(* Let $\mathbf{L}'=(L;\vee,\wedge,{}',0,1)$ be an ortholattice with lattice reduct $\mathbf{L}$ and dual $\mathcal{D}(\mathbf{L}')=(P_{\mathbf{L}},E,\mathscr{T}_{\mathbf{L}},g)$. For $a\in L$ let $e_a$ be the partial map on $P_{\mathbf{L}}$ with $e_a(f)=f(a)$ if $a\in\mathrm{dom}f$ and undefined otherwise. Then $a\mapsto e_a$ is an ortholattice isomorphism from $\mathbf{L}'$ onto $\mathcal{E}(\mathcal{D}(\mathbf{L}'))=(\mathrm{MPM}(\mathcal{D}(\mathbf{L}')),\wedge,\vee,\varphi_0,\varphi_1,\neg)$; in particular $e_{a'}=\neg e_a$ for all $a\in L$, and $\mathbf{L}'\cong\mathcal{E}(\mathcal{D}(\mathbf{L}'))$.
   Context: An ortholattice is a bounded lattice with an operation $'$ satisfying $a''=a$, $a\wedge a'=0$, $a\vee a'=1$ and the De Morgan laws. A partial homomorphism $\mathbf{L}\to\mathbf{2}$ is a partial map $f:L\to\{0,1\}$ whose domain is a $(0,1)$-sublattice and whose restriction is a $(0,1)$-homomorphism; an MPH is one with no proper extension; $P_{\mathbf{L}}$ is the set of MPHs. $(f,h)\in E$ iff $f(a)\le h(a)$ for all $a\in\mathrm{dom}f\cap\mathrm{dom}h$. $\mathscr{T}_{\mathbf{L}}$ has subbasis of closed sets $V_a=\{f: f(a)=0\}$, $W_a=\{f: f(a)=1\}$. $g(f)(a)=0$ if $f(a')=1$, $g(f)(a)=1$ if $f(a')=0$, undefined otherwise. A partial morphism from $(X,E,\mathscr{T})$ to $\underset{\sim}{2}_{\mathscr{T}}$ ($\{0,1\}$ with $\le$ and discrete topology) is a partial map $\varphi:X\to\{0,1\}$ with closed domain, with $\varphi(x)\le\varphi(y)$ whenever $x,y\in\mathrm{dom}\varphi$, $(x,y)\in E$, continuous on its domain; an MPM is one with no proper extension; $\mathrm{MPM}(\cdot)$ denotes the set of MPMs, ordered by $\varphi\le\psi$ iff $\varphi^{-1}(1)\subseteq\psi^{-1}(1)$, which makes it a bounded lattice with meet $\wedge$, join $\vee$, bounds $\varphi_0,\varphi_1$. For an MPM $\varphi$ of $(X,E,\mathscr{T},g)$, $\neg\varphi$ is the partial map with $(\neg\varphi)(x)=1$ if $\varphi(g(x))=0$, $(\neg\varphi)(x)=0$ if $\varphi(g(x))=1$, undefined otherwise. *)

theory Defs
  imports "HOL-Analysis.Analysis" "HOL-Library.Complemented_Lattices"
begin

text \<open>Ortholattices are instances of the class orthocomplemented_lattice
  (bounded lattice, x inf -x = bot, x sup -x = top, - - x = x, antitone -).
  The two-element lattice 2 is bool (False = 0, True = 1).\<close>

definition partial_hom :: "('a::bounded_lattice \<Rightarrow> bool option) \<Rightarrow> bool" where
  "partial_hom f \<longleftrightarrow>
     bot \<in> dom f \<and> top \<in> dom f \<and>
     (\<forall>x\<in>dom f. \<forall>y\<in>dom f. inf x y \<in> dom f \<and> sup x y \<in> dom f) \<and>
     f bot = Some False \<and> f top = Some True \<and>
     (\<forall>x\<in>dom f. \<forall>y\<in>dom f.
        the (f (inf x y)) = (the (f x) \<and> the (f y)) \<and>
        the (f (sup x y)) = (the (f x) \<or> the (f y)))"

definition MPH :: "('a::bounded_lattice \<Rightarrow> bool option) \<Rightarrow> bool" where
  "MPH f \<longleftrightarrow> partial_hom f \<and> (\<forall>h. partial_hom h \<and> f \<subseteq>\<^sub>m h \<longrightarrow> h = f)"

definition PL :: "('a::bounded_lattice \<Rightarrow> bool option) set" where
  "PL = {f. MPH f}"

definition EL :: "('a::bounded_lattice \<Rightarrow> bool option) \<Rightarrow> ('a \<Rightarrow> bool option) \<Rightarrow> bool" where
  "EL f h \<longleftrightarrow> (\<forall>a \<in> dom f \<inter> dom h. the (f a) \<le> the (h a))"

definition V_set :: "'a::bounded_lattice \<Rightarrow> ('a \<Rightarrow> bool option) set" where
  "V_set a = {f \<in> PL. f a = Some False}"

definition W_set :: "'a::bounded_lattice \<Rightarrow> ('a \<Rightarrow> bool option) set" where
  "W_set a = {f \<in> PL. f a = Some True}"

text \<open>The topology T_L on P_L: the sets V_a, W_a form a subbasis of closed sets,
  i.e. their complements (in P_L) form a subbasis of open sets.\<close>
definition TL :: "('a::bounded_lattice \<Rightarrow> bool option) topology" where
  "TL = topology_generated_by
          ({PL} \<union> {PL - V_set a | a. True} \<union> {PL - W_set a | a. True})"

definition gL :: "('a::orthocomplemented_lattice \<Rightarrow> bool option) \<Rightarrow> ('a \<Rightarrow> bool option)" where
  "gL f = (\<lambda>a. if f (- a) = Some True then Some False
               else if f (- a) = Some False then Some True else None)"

§ **ACTIVITY**
What belongs in the answer is each line of the listing that contains the word "form".

§ **PROBLEM SOLUTION**
text \<open>The topology T_L on P_L: the sets V_a, W_a form a subbasis of closed sets,
  i.e. their complements (in P_L) form a subbasis of open sets.\<close>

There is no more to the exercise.